* _The task_
Pull every "also" line out of the data below.

* _Dataset extract_
(* Let $t\ge2$ be an integer and let $\chi_t$ be as in the context. Then: (i) for every integer $n$ with $\chi_t(n)\neq 0$, the number $\frac{n^2-(2^{t+1}-3)^2}{3\cdot 2^{t+2}}$ is an integer; and (ii) for each root of unity $\zeta$, the function $n\mapsto \zeta^{\frac{n^2-(2^{t+1}-3)^2}{3\cdot 2^{t+2}}}\chi_t(n)$ (taken to be $0$ when $\chi_t(n)=0$) is periodic and has mean value zero.
   Context: Define $\chi_t:\mathbb{Z}\to\{0,\pm1\}$, periodic modulo $3\cdot2^{t+1}$, by $\chi_t(n)=1$ if $n\equiv 2^{t+1}-3$ or $3+2^{t+2}\pmod{3\cdot 2^{t+1}}$, $\chi_t(n)=-1$ if $n\equiv 2^{t+1}+3$ or $2^{t+2}-3\pmod{3\cdot2^{t+1}}$, and $\chi_t(n)=0$ otherwise. A periodic function has mean value zero if its sum over a full period is zero. *)

theory Defs
  imports Complex_Main
begin

definition chi :: "nat \<Rightarrow> int \<Rightarrow> int" where
  "chi t n = (let M = 3 * 2^(t+1) :: int in
     if n mod M = (2^(t+1) - 3) mod M \<or> n mod M = (3 + 2^(t+2)) mod M then 1
     else if n mod M = (2^(t+1) + 3) mod M \<or> n mod M = (2^(t+2) - 3) mod M then -1
     else 0)"

text \<open>The exponent (n^2 - (2^(t+1)-3)^2) / (3 * 2^(t+2)) (an integer when chi t n \<noteq> 0).\<close>
definition expo :: "nat \<Rightarrow> int \<Rightarrow> int" where
  "expo t n = (n^2 - (2^(t+1) - 3)^2) div (3 * 2^(t+2))"

definition root_of_unity :: "complex \<Rightarrow> bool" where
  "root_of_unity z \<longleftrightarrow> (\<exists>k::nat. k > 0 \<and> z ^ k = 1)"

definition periodic_mean_zero :: "(int \<Rightarrow> complex) \<Rightarrow> bool" where
  "periodic_mean_zero f \<longleftrightarrow>
     (\<exists>p::int. p > 0 \<and> (\<forall>n. f (n + p) = f n) \<and> (\<Sum>n\<in>{0..<p}. f n) = 0)"

end

(*
  Write N = 2^(t+1). Then chi t n is 1 if n = +-(N - 3) and -1 if n = +-(N + 3) modulo 3N.
  Squaring these congruences gives (i), since (N + 3)^2 - (N - 3)^2 = 12N.

  For (ii) let zeta^k = 1 and P = 3 * 2^(t+2) * k. The twisted function is P-periodic,
  because n = n' (mod P) forces n^2 = n'^2 (mod P), i.e. expo t n = expo t n' (mod k).
  By the Chinese remainder theorem there is u with u = -1 modulo the 2-part of P and u = 1
  modulo its odd part. Then n |-> u n is an involution of Z/P that fixes n^2 mod P but,
  as u = 1 (mod 3) and u = -1 (mod N), swaps the classes +-(N - 3) and +-(N + 3) modulo 3N.
  So it negates the twisted function, whose sum over a period therefore vanishes.
*)
theory Submission
  imports Defs "HOL-Number_Theory.Cong"
begin

definition cong_pm :: "int \<Rightarrow> int \<Rightarrow> int \<Rightarrow> bool" where
  "cong_pm n a m \<longleftrightarrow> [n = a] (mod m) \<or> [n = - a] (mod m)"

lemma cong_pm_cong:
  assumes "[n = n'] (mod m)"
  shows "cong_pm n a m \<longleftrightarrow> cong_pm n' a m"
  using assms unfolding cong_pm_def by (meson cong_sym cong_trans)

lemma cong_pm_mult:
  assumes "cong_pm n a m" "[u * a = b] (mod m)"
  shows "cong_pm (u * n) b m"
  using assms unfolding cong_pm_def
  by (metis cong_scalar_left cong_trans cong_uminus mult_minus_right)

lemma cong_square_if_cong_pm:
  fixes n a m :: int
  assumes "even m" "cong_pm n a m"
  shows "[n^2 = a^2] (mod 2 * m)"
proof -
  obtain c q where "c = a \<or> c = - a" and n: "n = c + m * q"
    using assms(2) unfolding cong_pm_def by (metis cong_sym cong_iff_lin)
  obtain r where m: "m = 2 * r" using assms(1) by blast
  have "n^2 = c^2 + (2 * m) * (c * q + r * q^2)"
    unfolding n m by (simp add: power2_eq_square algebra_simps)
  moreover have "c^2 = a^2" using \<open>c = a \<or> c = - a\<close> by auto
  ultimately show ?thesis by (simp add: cong_iff_dvd_diff)
qed

lemma not_cong_pm_both:
  fixes N :: int
  assumes "N > 2"
  shows "\<not> (cong_pm n (N - 3) (3 * N) \<and> cong_pm n (N + 3) (3 * N))"
proof
  assume "cong_pm n (N - 3) (3 * N) \<and> cong_pm n (N + 3) (3 * N)"
  then have "[N - 3 = N + 3] (mod 3 * N) \<or> [N - 3 = - (N + 3)] (mod 3 * N)
      \<or> [- (N - 3) = N + 3] (mod 3 * N) \<or> [- (N - 3) = - (N + 3)] (mod 3 * N)"
    unfolding cong_pm_def by (meson cong_sym cong_trans)
  then have "3 * N dvd 6 \<or> 3 * N dvd 2 * N"
    unfolding cong_iff_dvd_diff by (auto simp: algebra_simps)
  moreover have "\<not> 3 * N dvd d" if "0 < d" "d < 3 * N" for d
    using that zdvd_imp_le[of "3 * N" d] by auto
  ultimately show False using assms by auto
qed

lemma cong_pm_mult_swap:
  fixes N u :: int
  assumes "[u = 1] (mod 3)" "[u = -1] (mod N)"
  shows "cong_pm (u * n) (N + 3) (3 * N) \<longleftrightarrow> cong_pm n (N - 3) (3 * N)"
    and "cong_pm (u * n) (N - 3) (3 * N) \<longleftrightarrow> cong_pm n (N + 3) (3 * N)"
proof -
  have u_N: "[N * u = N * 1] (mod 3 * N)"
    using cong_cmult_leftI[OF assms(1), of N] by (simp add: ac_simps)
  have u_3: "[3 * u = 3 * -1] (mod 3 * N)"
    using cong_cmult_leftI[OF assms(2), of 3] .
  have swap_minus: "[u * (N - 3) = N + 3] (mod 3 * N)"
    using cong_diff[OF u_N u_3] by (simp add: algebra_simps)
  have swap_plus: "[u * (N + 3) = N - 3] (mod 3 * N)"
    using cong_add[OF u_N u_3] by (simp add: algebra_simps)
  have "3 * N dvd (u - 1) * (u + 1)"
    using mult_dvd_mono assms unfolding cong_iff_dvd_diff by fastforce
  then have "[u * u = 1] (mod 3 * N)"
    unfolding cong_iff_dvd_diff by (simp add: algebra_simps)
  then have u_sq: "[u * (u * n) = n] (mod 3 * N)"
    using cong_scalar_right[of "u * u" 1 "3 * N" n] by (simp add: ac_simps)
  show "cong_pm (u * n) (N + 3) (3 * N) \<longleftrightarrow> cong_pm n (N - 3) (3 * N)"
    using cong_pm_mult[OF _ swap_minus, of n] cong_pm_mult[OF _ swap_plus, of "u * n"]
      cong_pm_cong[OF u_sq] by blast
  show "cong_pm (u * n) (N - 3) (3 * N) \<longleftrightarrow> cong_pm n (N + 3) (3 * N)"
    using cong_pm_mult[OF _ swap_plus, of n] cong_pm_mult[OF _ swap_minus, of "u * n"]
      cong_pm_cong[OF u_sq] by blast
qed

lemma chi_altdef:
  assumes "N = 2^(t+1)"
  shows "chi t n = (if cong_pm n (N - 3) (3 * N) then 1
                    else if cong_pm n (N + 3) (3 * N) then -1 else 0)"
proof -
  have "[3 + 2^(t+2) = - (N - 3)] (mod 3 * N)" "[2^(t+2) - 3 = - (N + 3)] (mod 3 * N)"
    using assms by (simp_all add: cong_iff_dvd_diff)
  then show ?thesis
    unfolding chi_def Let_def cong_pm_def cong_def[symmetric] assms[symmetric]
    by (smt (verit) cong_trans cong_sym)
qed

lemma chi_cong:
  assumes "[n = n'] (mod 3 * 2^(t+1))"
  shows "chi t n = chi t n'"
  using assms unfolding chi_def Let_def cong_def by (simp only:)

lemma chi_nonzero_imp_cong_square:
  assumes "chi t n \<noteq> 0"
  shows "[n^2 = (2^(t+1) - 3)^2] (mod 3 * 2^(t+2))"
proof -
  define N :: int where "N = 2^(t+1)"
  have modulus: "(3 * 2^(t+2) :: int) = 2 * (3 * N)" unfolding N_def by simp
  have even: "even (3 * N)" unfolding N_def by simp
  consider "cong_pm n (N - 3) (3 * N)" | "cong_pm n (N + 3) (3 * N)"
    using assms chi_altdef[OF N_def] by (auto split: if_splits)
  then have "[n^2 = (N - 3)^2] (mod 2 * (3 * N))"
  proof cases
    case 2
    then have "[n^2 = (N + 3)^2] (mod 2 * (3 * N))" by (rule cong_square_if_cong_pm[OF even])
    moreover have "[(N + 3)^2 = (N - 3)^2] (mod 2 * (3 * N))"
      by (simp add: cong_iff_dvd_diff power2_eq_square algebra_simps)
    ultimately show ?thesis by (rule cong_trans)
  qed (rule cong_square_if_cong_pm[OF even])
  then show ?thesis unfolding modulus N_def .
qed

lemma expo_cong:
  fixes k :: int
  assumes "chi t n \<noteq> 0" "chi t n' \<noteq> 0" "[n^2 = n'^2] (mod 3 * 2^(t+2) * k)"
  shows "[expo t n = expo t n'] (mod k)"
proof -
  define D :: int where "D = 3 * 2^(t+2)"
  have expo_mult: "expo t m * D = m^2 - (2^(t+1) - 3)^2" if "chi t m \<noteq> 0" for m
    using chi_nonzero_imp_cong_square[OF that]
    unfolding expo_def D_def cong_iff_dvd_diff by simp
  have "(expo t n - expo t n') * D = n^2 - n'^2"
    using expo_mult[OF assms(1)] expo_mult[OF assms(2)] by (simp add: algebra_simps)
  then have "k * D dvd (expo t n - expo t n') * D"
    using assms(3) unfolding D_def cong_iff_dvd_diff by (simp add: ac_simps)
  then show ?thesis
    unfolding cong_iff_dvd_diff D_def by simp
qed

lemma power_int_cong:
  fixes z :: "'a::division_ring"
  assumes "z ^ k = 1" "[i = j] (mod int k)"
  shows "z powi i = z powi j"
proof (cases "k = 0")
  case True
  then show ?thesis using assms(2) by simp
next
  case False
  then have "z \<noteq> 0" using assms(1) by (metis power_0_left zero_neq_one)
  obtain q where j: "j = i + int k * q" using assms(2) unfolding cong_iff_lin by blast
  have "z powi j = z powi i * (z powi int k) powi q"
    unfolding j using \<open>z \<noteq> 0\<close> by (simp add: power_int_add power_int_mult)
  then show ?thesis using assms(1) by simp
qed

lemma exists_sqrt_one_cong:
  assumes "k > 0"
  shows "\<exists>u::int. [u * u = 1] (mod 3 * 2^(t+2) * int k) \<and> [u = 1] (mod 3) \<and> [u = -1] (mod 2^(t+1))"
proof -
  obtain m where k: "k = 2 ^ multiplicity 2 k * m" and "\<not> 2 dvd m"
    using multiplicity_decompose'[of k 2] assms by auto
  define A :: int where "A = 2^(t + 2 + multiplicity 2 k)"
  define B :: int where "B = 3 * int m"
  have "odd B" unfolding B_def using \<open>\<not> 2 dvd m\<close> by simp
  then have "coprime A B" unfolding A_def by (simp del: power_Suc)
  then obtain u where u_A: "[u = -1] (mod A)" and u_B: "[u = 1] (mod B)"
    using binary_chinese_remainder_int by blast
  have "[u * u = (-1) * (-1)] (mod A)" "[u * u = 1 * 1] (mod B)"
    using cong_mult u_A u_B by blast+
  then have "[u * u = 1] (mod A * B)"
    using coprime_cong_mult \<open>coprime A B\<close> by simp
  moreover have "A * B = 3 * 2^(t+2) * int k"
    by (subst k) (simp add: A_def B_def power_add)
  moreover have "[u = 1] (mod 3)"
    using u_B cong_dvd_modulus unfolding B_def by fastforce
  moreover have "[u = -1] (mod 2^(t+1))"
    using u_A by (rule cong_dvd_modulus) (simp add: A_def le_imp_power_dvd del: power_Suc)
  ultimately show ?thesis by auto
qed

lemma chi_mult_eq_uminus:
  assumes "t > 0" "[u = 1] (mod 3)" "[u = -1] (mod 2^(t+1))"
  shows "chi t (u * n) = - chi t n"
proof -
  define N :: int where "N = 2^(t+1)"
  have "N > 2"
    unfolding N_def using power_increasing[of 2 "t+1" "2::int"] assms(1) by simp
  note minus_to_plus = cong_pm_mult_swap(1)[OF assms(2) assms(3)[folded N_def]]
  note plus_to_minus = cong_pm_mult_swap(2)[OF assms(2) assms(3)[folded N_def]]
  consider "cong_pm n (N - 3) (3 * N)"
    | "cong_pm n (N + 3) (3 * N)" "\<not> cong_pm n (N - 3) (3 * N)"
    | "\<not> cong_pm n (N + 3) (3 * N)" "\<not> cong_pm n (N - 3) (3 * N)"
    by blast
  then show ?thesis
  proof cases
    case 1
    then have "cong_pm (u * n) (N + 3) (3 * N)" using minus_to_plus by blast
    then have "\<not> cong_pm (u * n) (N - 3) (3 * N)"
      using not_cong_pm_both[OF \<open>N > 2\<close>] by blast
    with 1 \<open>cong_pm (u * n) (N + 3) (3 * N)\<close> show ?thesis
      unfolding chi_altdef[OF N_def] by simp
  next
    case 2
    then show ?thesis
      using plus_to_minus unfolding chi_altdef[OF N_def] by simp
  next
    case 3
    then show ?thesis
      using plus_to_minus minus_to_plus unfolding chi_altdef[OF N_def] by simp
  qed
qed

definition twisted_chi :: "nat \<Rightarrow> complex \<Rightarrow> int \<Rightarrow> complex" where
  "twisted_chi t \<zeta> n = (if chi t n = 0 then 0 else \<zeta> powi expo t n * of_int (chi t n))"

lemma twisted_chi_cong:
  assumes "\<zeta> ^ k = 1" "[n = n'] (mod 3 * 2^(t+2) * int k)"
  shows "twisted_chi t \<zeta> n = twisted_chi t \<zeta> n'"
proof -
  have "[n = n'] (mod 3 * 2^(t+1))"
    using assms(2) by (rule cong_dvd_modulus) (simp add: le_imp_power_dvd del: power_Suc)
  then have chi_eq: "chi t n = chi t n'" by (rule chi_cong)
  have "[n^2 = n'^2] (mod 3 * 2^(t+2) * int k)" using assms(2) by (rule cong_pow)
  then have "[expo t n = expo t n'] (mod int k)" if "chi t n \<noteq> 0"
    using expo_cong that chi_eq by simp
  then have "\<zeta> powi expo t n = \<zeta> powi expo t n'" if "chi t n \<noteq> 0"
    using power_int_cong[OF assms(1)] that by blast
  then show ?thesis unfolding twisted_chi_def chi_eq by simp
qed

lemma twisted_chi_mult_eq_uminus:
  assumes "\<zeta> ^ k = 1" "t > 0" "[u * u = 1] (mod 3 * 2^(t+2) * int k)"
    and "[u = 1] (mod 3)" "[u = -1] (mod 2^(t+1))"
  shows "twisted_chi t \<zeta> (u * n) = - twisted_chi t \<zeta> n"
proof -
  have chi_eq: "chi t (u * n) = - chi t n" using assms(2,4,5) by (rule chi_mult_eq_uminus)
  have "[(u * n)^2 = n^2] (mod 3 * 2^(t+2) * int k)"
    using cong_scalar_right[OF assms(3), of "n^2"] by (simp add: power2_eq_square ac_simps)
  then have "[expo t (u * n) = expo t n] (mod int k)" if "chi t n \<noteq> 0"
    using expo_cong that chi_eq by simp
  then have "\<zeta> powi expo t (u * n) = \<zeta> powi expo t n" if "chi t n \<noteq> 0"
    using power_int_cong[OF assms(1)] that by blast
  then show ?thesis unfolding twisted_chi_def chi_eq by simp
qed

lemma periodic_mean_zero_if_odd_under_involution:
  assumes "P > 0" "\<And>n n'. [n = n'] (mod P) \<Longrightarrow> f n = f n'"
    and "[u * u = 1] (mod P)" "\<And>n. f (u * n) = - f n"
  shows "periodic_mean_zero f"
proof -
  define g where "g n = (u * n) mod P" for n
  have g_range: "g n \<in> {0..<P}" for n
    unfolding g_def using \<open>P > 0\<close> by simp
  have g_involution: "g (g n) = n" if "n \<in> {0..<P}" for n
  proof -
    have "[g (g n) = u * u * n] (mod P)"
      unfolding g_def by (simp add: cong_def mod_mult_right_eq ac_simps)
    also have "[u * u * n = 1 * n] (mod P)" using assms(3) by (rule cong_scalar_right)
    finally have "[g (g n) = n] (mod P)" by simp
    then show ?thesis
      using g_range[of "g n"] that by (auto intro: cong_less_imp_eq_int)
  qed
  have f_g: "f (g n) = - f n" for n
    using assms(2)[of "g n" "u * n"] assms(4) unfolding g_def by simp
  have "(\<Sum>n\<in>{0..<P}. f n) = (\<Sum>n\<in>{0..<P}. f (g n))"
    by (rule sum.reindex_bij_witness[of _ g g]) (use g_range g_involution in auto)
  also have "\<dots> = - (\<Sum>n\<in>{0..<P}. f n)" by (simp add: f_g sum_negf)
  finally have "(\<Sum>n\<in>{0..<P}. f n) = 0" by simp
  moreover have "f (n + P) = f n" for n using assms(2)[of "n + P" n] by (simp add: cong_def)
  ultimately show ?thesis unfolding periodic_mean_zero_def using \<open>P > 0\<close> by auto
qed

theorem proposition2p2:
  fixes t :: nat
  assumes "t \<ge> 2"
  shows "(\<forall>n::int. chi t n \<noteq> 0 \<longrightarrow> (3 * 2^(t+2)) dvd (n^2 - (2^(t+1) - 3)^2))
    \<and> (\<forall>\<zeta>::complex. root_of_unity \<zeta> \<longrightarrow>
         periodic_mean_zero (\<lambda>n. if chi t n = 0 then 0
                                   else \<zeta> powi (expo t n) * of_int (chi t n)))"
proof (intro conjI allI impI)
  fix n :: int
  assume "chi t n \<noteq> 0"
  then show "(3 * 2^(t+2)) dvd (n^2 - (2^(t+1) - 3)^2)"
    using chi_nonzero_imp_cong_square cong_iff_dvd_diff by blast
next
  fix \<zeta> :: complex
  assume "root_of_unity \<zeta>"
  then obtain k where "k > 0" "\<zeta> ^ k = 1" unfolding root_of_unity_def by blast
  then obtain u where u: "[u * u = 1] (mod 3 * 2^(t+2) * int k)"
    "[u = 1] (mod 3)" "[u = -1] (mod 2^(t+1))"
    using exists_sqrt_one_cong by blast
  have "t > 0" using assms by simp
  have "periodic_mean_zero (twisted_chi t \<zeta>)"
  proof (rule periodic_mean_zero_if_odd_under_involution)
    show "3 * 2^(t+2) * int k > 0" using \<open>k > 0\<close> by simp
    show "twisted_chi t \<zeta> n = twisted_chi t \<zeta> n'"
      if "[n = n'] (mod 3 * 2^(t+2) * int k)" for n n'
      using \<open>\<zeta> ^ k = 1\<close> that by (rule twisted_chi_cong)
    show "twisted_chi t \<zeta> (u * n) = - twisted_chi t \<zeta> n" for n
      using \<open>\<zeta> ^ k = 1\<close> \<open>t > 0\<close> u by (rule twisted_chi_mult_eq_uminus)
  qed (rule u(1))
  then show "periodic_mean_zero (\<lambda>n. if chi t n = 0 then 0
                                   else \<zeta> powi (expo t n) * of_int (chi t n))"
    unfolding twisted_chi_def .
qed

end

* _Answer section_
    also have "[u * u * n = 1 * n] (mod P)" using assms(3) by (rule cong_scalar_right)
  also have "\<dots> = - (\<Sum>n\<in>{0..<P}. f n)" by (simp add: f_g sum_negf)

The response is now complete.